I have so struggled with what you brought up in this thread.  I want to share my experience with it not only for you because you have gotten lots of good feedback but for others who may have some similar feelings.  My one year anniversary of being diagnosed with kidney failure comes tomorrow.  It has been a year of some major changes in my life.  If I would have known on that day I was diagnosed what it would mean I would not believe that I have made it through at all.  

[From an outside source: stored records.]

(* A balanced wiring $F$ is nilpotent if and only if its computation graph $\mathbf G(F)$ is acyclic.
   Context: Terms: first-order terms built from an infinite set of variables, a binary function symbol $\bullet$ written infix, infinitely many constant symbols including a distinguished constant $\star$, and for each $n\ge1$ at least one $n$-ary function symbol. $\mathrm{var}(t)$ is the set of variables of $t$; $t$ is closed if $\mathrm{var}(t)=\emptyset$. The height $h(t)$ is the maximal distance from the root to a node in the tree of $t$; the height of an occurrence of a variable in $t$ is its distance from the root. A flow is a pair of terms written $t\leftarrow u$ with $\mathrm{var}(t)\subseteq\mathrm{var}(u)$, considered up to renaming. A fact is a flow $t\leftarrow\star$ (so $t$ is closed). The product of flows $u\leftarrow v$ and $t\leftarrow w$ (representatives chosen with disjoint variable sets) is defined iff $v$ and $t$ are unifiable, and then equals $u\theta\leftarrow w\theta$ with $\theta$ a most general unifier of $v,t$. A wiring is a finite set of flows, written as a formal sum, with $0$ the empty wiring; product $FG=\{fg: f\in F,g\in G, fg\text{ defined}\}$, $F^n$ the $n$-fold product. For a fact $\mathbf u$, $F\mathbf u$ denotes $F\{\mathbf u\}$ (a set of facts). $F$ is nilpotent if $F^n=0$ for some $n\in\mathbb N$. A flow $t\leftarrow u$ is balanced if for every variable $x$, all occurrences of $x$ in $t$ and in $u$ have the same height; a wiring is balanced if all its flows are. The height of a flow $t\leftarrow u$ is $\max\{h(t),h(u)\}$; the height $h(F)$ of a wiring is the maximal height of its flows. For a balanced wiring $F$, its computation space $\mathrm{Comp}(F)$ is the set of facts $t\leftarrow\star$ with $h(t)\le h(F)$ and $t$ built using only symbols occurring in $F$ and the constant $\star$. The computation graph $\mathbf G(F)$ is the directed graph with vertex set $\mathrm{Comp}(F)$ and an edge from $\mathbf u$ to $\mathbf v$ iff $\mathbf v\in F\mathbf u$. *)

theory Defs
  imports Main
begin

datatype sym = Bullet | Star | Const nat | Fn nat nat

fun arity :: "sym \<Rightarrow> nat" where
  "arity Bullet = 2"
| "arity Star = 0"
| "arity (Const i) = 0"
| "arity (Fn n i) = n"

datatype trm = Var nat | Fun sym "trm list"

It was about June when I finally realized that I was not going to be able to go back to work.  Yes, I am a slow learner.  On top of that my daughter, that I had adopted five years before was having major mental health issues and ended up in Juvenile detention saying that she would never come back home to live with me.  I live away from most of my family.  I do have an aunt and uncle that live a few miles away but I have only really even known them for the last few years.  I slipped lower and lower until I was constantly thinking about suicide and I had a very workable plan, that I could carry out in a short time span.  I would not be brave enough to stop dialysis that would take too much time being too sick.  The major thing that first started helping is I decided that I had to hang on just with the odd chance that maybe my daughter may want to come home some day.  I talked to my doctor and changed my antidepressant to Effexor.  This helped a lot.  I put any energy I had into supporting and listening to my daughter whenever I could.  I started feeling a little better and then in September after my third surgery on my Kidney to get rid of some cancer I decided to start walking more.  It was slow and not easy and took a lot of patience but my strength grew.  My daughter also started responding to my love.  She went from Juvenile detention to a treatment center, and finaly came home in October.  She is a changed girl.  She is very helpful and suppotive of me now.  She still needs lots of support and help to stick to her treatment plans but it is a two way street now.  I got up to walking one mile twice most days.  I felt real good until just before Christmas when I had to have more surgery on my kidney.  Some problems came up and I ended up in the hospital the day after Christmas with a bad kidney infection, only to return less than a week later even sicker, with a kidney infection due to complications with treating the cancer in my kidney.  I have now been out of the hospital for 11 days and am starting to walk again. It is discouraging to have lost all my strength but I am now determined to build up to be able to walk five miles three days a week, on nondialysis days.  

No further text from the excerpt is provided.